- [YOUR TASK]: Among the entries that follow, count the lines that contain the word "also" and say how many there are, writing nothing else.

- [RECORDS TO PROCESS]:

(* Let $\{(\mathbf{x}_i,t_i,\delta_i)\}_{i=1}^n$ be a dataset with $\mathbf{x}_i\in\mathbb{R}^p$, $t_i\in\mathbb{R}$, $\delta_i\in\{0,1\}$, let $\mathbf{X}$ have rows $\mathbf{x}_i^T$ (entries $X_{kl}$), $R_i=\{j:t_j\ge t_i\}$, and $$\ell(\boldsymbol\beta)=\sum_{i=1}^n\delta_i\Big[\log\Big(\sum_{j\in R_i}e^{\mathbf{x}_j^T\boldsymbol\beta}\Big)-\mathbf{x}_i^T\boldsymbol\beta\Big].$$ Then for every $\boldsymbol\beta\in\mathbb{R}^p$ and every $l\in\{1,\dots,p\}$, $$0\le\frac{\partial^2\ell(\boldsymbol\beta)}{\partial\beta_l^2}\le\frac14\sum_{i=1}^n\delta_i\Big(\max_{k\in R_i}X_{kl}-\min_{k\in R_i}X_{kl}\Big)^2$$ and $$\Big|\frac{\partial^3\ell(\boldsymbol\beta)}{\partial\beta_l^3}\Big|\le\frac{1}{6\sqrt3}\sum_{i=1}^n\delta_i\Big|\max_{k\in R_i}X_{kl}-\min_{k\in R_i}X_{kl}\Big|^3.$$
   Context: $\ell$ is the Cox negative log partial likelihood. Consequently the first and second order partial derivatives in each coordinate are Lipschitz with these constants (this is the paper's interpretation, not part of the claim). *)

theory Defs
  imports "HOL-Analysis.Analysis"
begin

text \<open>Data: n observations, p covariates, indexed from 0.
  X i k is the k-th covariate of observation i (i < n, k < p);
  t i the observed time, d i the event indicator (in {0,1}).\<close>

definition risk_set :: "nat \<Rightarrow> (nat \<Rightarrow> real) \<Rightarrow> nat \<Rightarrow> nat set" where
  "risk_set n t i = {j \<in> {..<n}. t j \<ge> t i}"

definition lin_pred :: "nat \<Rightarrow> (nat \<Rightarrow> nat \<Rightarrow> real) \<Rightarrow> nat \<Rightarrow> (nat \<Rightarrow> real) \<Rightarrow> real" where
  "lin_pred p X i \<beta> = (\<Sum>k<p. X i k * \<beta> k)"

definition cox_loss ::
  "nat \<Rightarrow> nat \<Rightarrow> (nat \<Rightarrow> nat \<Rightarrow> real) \<Rightarrow> (nat \<Rightarrow> real) \<Rightarrow> (nat \<Rightarrow> real) \<Rightarrow> (nat \<Rightarrow> real) \<Rightarrow> real" where
  "cox_loss n p X t d \<beta> =
     (\<Sum>i<n. d i * (ln (\<Sum>j\<in>risk_set n t i. exp (lin_pred p X j \<beta>)) - lin_pred p X i \<beta>))"

definition partial_deriv :: "nat \<Rightarrow> nat \<Rightarrow> ((nat \<Rightarrow> real) \<Rightarrow> real) \<Rightarrow> (nat \<Rightarrow> real) \<Rightarrow> real" where
  "partial_deriv m l f \<beta> = (deriv ^^ m) (\<lambda>s. f (\<beta>(l := s))) (\<beta> l)"

end

(*
  Along coordinate l the linear predictors are c j + a j * s with a j = X j l, so every summand
  of the Cox loss is, up to a linear term, the log-partition function
  ln (\<Sum>j\<in>R\<^sub>i. exp (c j + a j * s)) of the Gibbs distribution on the risk set R\<^sub>i.
  Its second and third derivatives in s are the variance and the third central moment of a under
  that distribution. For any distribution of values in [m, M], Popoviciu's inequality bounds the
  variance by (M - m)\<^sup>2 / 4, and a linear majorant of the cubic (x - \<mu>)\<^sup>3 on [m, M] bounds
  the third central moment by (M - m)\<^sup>3 / (6 sqrt 3).
*)

theory Submission
  imports Defs
begin

definition weighted_mean :: "'a set \<Rightarrow> ('a \<Rightarrow> real) \<Rightarrow> ('a \<Rightarrow> real) \<Rightarrow> real" where
  "weighted_mean R p a = (\<Sum>j\<in>R. p j * a j)"

definition central_moment :: "nat \<Rightarrow> 'a set \<Rightarrow> ('a \<Rightarrow> real) \<Rightarrow> ('a \<Rightarrow> real) \<Rightarrow> real" where
  "central_moment k R p a = weighted_mean R p (\<lambda>j. (a j - weighted_mean R p a) ^ k)"

lemma weighted_mean_add_const:
  assumes "sum p R = 1"
  shows "weighted_mean R p (\<lambda>j. a j + b) = weighted_mean R p a + b"
  using assms by (simp add: weighted_mean_def distrib_left sum.distrib flip: sum_distrib_right)

lemma weighted_mean_uminus: "weighted_mean R p (\<lambda>j. - a j) = - weighted_mean R p a"
  by (simp add: weighted_mean_def sum_negf)

lemma central_moment_add_const:
  assumes "sum p R = 1"
  shows "central_moment k R p (\<lambda>j. a j + b) = central_moment k R p a"
  using assms by (simp add: central_moment_def weighted_mean_add_const)

lemma central_moment_uminus:
  "central_moment k R p (\<lambda>j. - a j) = (-1) ^ k * central_moment k R p a"
proof -
  have "(- a j + weighted_mean R p a) ^ k = (-1) ^ k * (a j - weighted_mean R p a) ^ k" for j
    by (simp flip: power_minus)
  then show ?thesis
    by (simp add: central_moment_def weighted_mean_uminus weighted_mean_def sum_distrib_left
        algebra_simps)
qed

lemma central_moment_1:
  assumes "sum p R = 1"
  shows "central_moment 1 R p a = 0"
  using weighted_mean_add_const[OF assms, of a "- weighted_mean R p a"]
  by (simp add: central_moment_def)

lemma weighted_mean_le_linear_majorant:
  assumes "\<And>j. j \<in> R \<Longrightarrow> 0 \<le> p j" and "sum p R = 1"
    and "\<And>j. j \<in> R \<Longrightarrow> f j \<le> K * a j + C"
  shows "weighted_mean R p f \<le> K * weighted_mean R p a + C"
proof -
  have "weighted_mean R p f \<le> weighted_mean R p (\<lambda>j. K * a j + C)"
    unfolding weighted_mean_def using assms by (intro sum_mono mult_left_mono) auto
  also have "\<dots> = K * weighted_mean R p a + C"
    using assms(2) by (simp add: weighted_mean_def distrib_left sum.distrib sum_distrib_left
        flip: sum_distrib_right mult.assoc) (simp add: algebra_simps)
  finally show ?thesis .
qed

lemma central_moment_2_nonneg:
  assumes "\<And>j. j \<in> R \<Longrightarrow> 0 \<le> p j"
  shows "0 \<le> central_moment 2 R p a"
  unfolding central_moment_def weighted_mean_def using assms by (simp add: sum_nonneg)

text \<open>Popoviciu's inequality: the chord through \<open>(m, 0)\<close> and \<open>(M, 0)\<close> of the concave
  parabola \<open>(M - x) * (x - m)\<close> turns \<open>(x - \<mu>)\<^sup>2\<close> into a linear majorant on \<open>[m, M]\<close>.\<close>
lemma central_moment_2_le:
  assumes "\<And>j. j \<in> R \<Longrightarrow> 0 \<le> p j" and "sum p R = 1"
    and "\<And>j. j \<in> R \<Longrightarrow> a j \<in> {m..M}"
  shows "central_moment 2 R p a \<le> (M - m)\<^sup>2 / 4"
proof -
  define \<mu> where "\<mu> = weighted_mean R p a"
  have majorant: "(a j - \<mu>)\<^sup>2 \<le> (M + m - 2 * \<mu>) * a j + (\<mu>\<^sup>2 - M * m)" if "j \<in> R" for j
  proof -
    have "0 \<le> (M - a j) * (a j - m)" using assms(3)[OF that] by simp
    then show ?thesis by (simp add: algebra_simps power2_eq_square)
  qed
  have "central_moment 2 R p a \<le> (M + m - 2 * \<mu>) * \<mu> + (\<mu>\<^sup>2 - M * m)"
    using weighted_mean_le_linear_majorant[OF assms(1,2) majorant]
    by (simp add: central_moment_def \<mu>_def)
  also have "\<dots> = (M - m)\<^sup>2 / 4 - ((M + m) / 2 - \<mu>)\<^sup>2"
    by (simp add: algebra_simps power2_eq_square field_simps)
  also have "\<dots> \<le> (M - m)\<^sup>2 / 4" by simp
  finally show ?thesis .
qed

text \<open>The maximum of \<open>\<nu> (D\<^sup>2 - \<nu>\<^sup>2)\<close> is attained at \<open>\<nu> = D / sqrt 3\<close>; the difference
  to the maximum factors as \<open>(sqrt 3 \<nu> - D)\<^sup>2 (sqrt 3 \<nu> + 2 D) / (3 sqrt 3)\<close>.\<close>
lemma cubic_le_cube_div_sqrt3:
  fixes \<nu> D :: real
  assumes "0 \<le> \<nu>" and "0 \<le> D"
  shows "\<nu> * (D\<^sup>2 - \<nu>\<^sup>2) / 4 \<le> D ^ 3 / (6 * sqrt 3)"
proof -
  define r where "r = sqrt 3"
  have r: "r > 0" "r\<^sup>2 = 3" unfolding r_def by simp_all
  have "0 \<le> (r * \<nu> - D)\<^sup>2 * (r * \<nu> + 2 * D)" using assms r by simp
  also have "\<dots> = r\<^sup>2 * r * \<nu> ^ 3 - 3 * r * \<nu> * D\<^sup>2 + 2 * D ^ 3"
    using r by (simp add: algebra_simps power2_eq_square power3_eq_cube)
  also have "\<dots> = 2 * D ^ 3 - 3 * r * (\<nu> * (D\<^sup>2 - \<nu>\<^sup>2))"
    using r by (simp add: algebra_simps power2_eq_square power3_eq_cube)
  finally have "3 * r * (\<nu> * (D\<^sup>2 - \<nu>\<^sup>2)) \<le> 2 * D ^ 3" by simp
  with r show ?thesis unfolding r_def by (simp add: field_simps mult_ac)
qed

text \<open>For a mean \<open>\<mu>\<close> in \<open>[0, D/3]\<close> the chord of \<open>(x - \<mu>)\<^sup>3\<close> over \<open>[0, D]\<close> is a linear
  majorant; otherwise the line touching the cubic at \<open>c = (3 \<mu> - D) / 2\<close> and meeting it at \<open>D\<close> is.\<close>
lemma central_moment_3_le_of_nonneg:
  assumes "\<And>j. j \<in> R \<Longrightarrow> 0 \<le> p j" and "sum p R = 1"
    and "\<And>j. j \<in> R \<Longrightarrow> a j \<in> {0..D}"
  shows "central_moment 3 R p a \<le> D ^ 3 / (6 * sqrt 3)"
proof -
  define \<mu> where "\<mu> = weighted_mean R p a"
  have "0 \<le> \<mu>" unfolding \<mu>_def weighted_mean_def using assms by (auto intro!: sum_nonneg)
  have "\<mu> \<le> D"
    using weighted_mean_le_linear_majorant[OF assms(1,2), of a 0 a D] assms(3)
    by (simp add: \<mu>_def)
  consider "\<mu> \<le> D / 3" | "D / 3 < \<mu>" by linarith
  then show ?thesis
  proof cases
    case 1
    define K where "K = (D - 3 * \<mu>) * D + 3 * \<mu>\<^sup>2"
    define C where "C = - (\<mu> ^ 3)"
    have majorant: "(a j - \<mu>) ^ 3 \<le> K * a j + C" if "j \<in> R" for j
    proof -
      have "0 \<le> (D - 3 * \<mu>) * a j * (D - a j) + (a j)\<^sup>2 * (D - a j)"
        using assms(3)[OF that] 1 by (intro add_nonneg_nonneg mult_nonneg_nonneg) auto
      then show ?thesis
        unfolding K_def C_def by (simp add: algebra_simps power2_eq_square power3_eq_cube)
    qed
    have "central_moment 3 R p a \<le> K * \<mu> + C"
      using weighted_mean_le_linear_majorant[OF assms(1,2) majorant]
      by (simp add: central_moment_def \<mu>_def)
    also have "\<dots> = (D - 2 * \<mu>) * (D\<^sup>2 - (D - 2 * \<mu>)\<^sup>2) / 4"
      unfolding K_def C_def by (simp add: algebra_simps power2_eq_square power3_eq_cube)
    also have "\<dots> \<le> D ^ 3 / (6 * sqrt 3)"
      using 1 \<open>0 \<le> \<mu>\<close> by (intro cubic_le_cube_div_sqrt3) auto
    finally show ?thesis .
  next
    case 2
    define c where "c = (3 * \<mu> - D) / 2"
    have D: "D = 3 * \<mu> - 2 * c" unfolding c_def by (simp add: field_simps)
    define K where "K = 3 * \<mu>\<^sup>2 - 2 * c * D - c\<^sup>2"
    define C where "C = c\<^sup>2 * D - \<mu> ^ 3"
    have majorant: "(a j - \<mu>) ^ 3 \<le> K * a j + C" if "j \<in> R" for j
    proof -
      have "0 \<le> (D - a j) * (a j - c)\<^sup>2" using assms(3)[OF that] by simp
      then show ?thesis
        unfolding K_def C_def D by (simp add: algebra_simps power2_eq_square power3_eq_cube)
    qed
    have "central_moment 3 R p a \<le> K * \<mu> + C"
      using weighted_mean_le_linear_majorant[OF assms(1,2) majorant]
      by (simp add: central_moment_def \<mu>_def)
    also have "\<dots> = (D - \<mu>) ^ 3 / 4"
      unfolding K_def C_def D by (simp add: algebra_simps power2_eq_square power3_eq_cube)
    also have "\<dots> \<le> (2 * D / 3) ^ 3 / 4"
      using 2 \<open>\<mu> \<le> D\<close> by (intro divide_right_mono power_mono) auto
    also have "\<dots> = (D / 3) * (D\<^sup>2 - (D / 3)\<^sup>2) / 4"
      by (simp add: power2_eq_square power3_eq_cube field_simps)
    also have "\<dots> \<le> D ^ 3 / (6 * sqrt 3)"
      using \<open>0 \<le> \<mu>\<close> \<open>\<mu> \<le> D\<close> by (intro cubic_le_cube_div_sqrt3) auto
    finally show ?thesis .
  qed
qed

- [TASK SOLUTION]: 11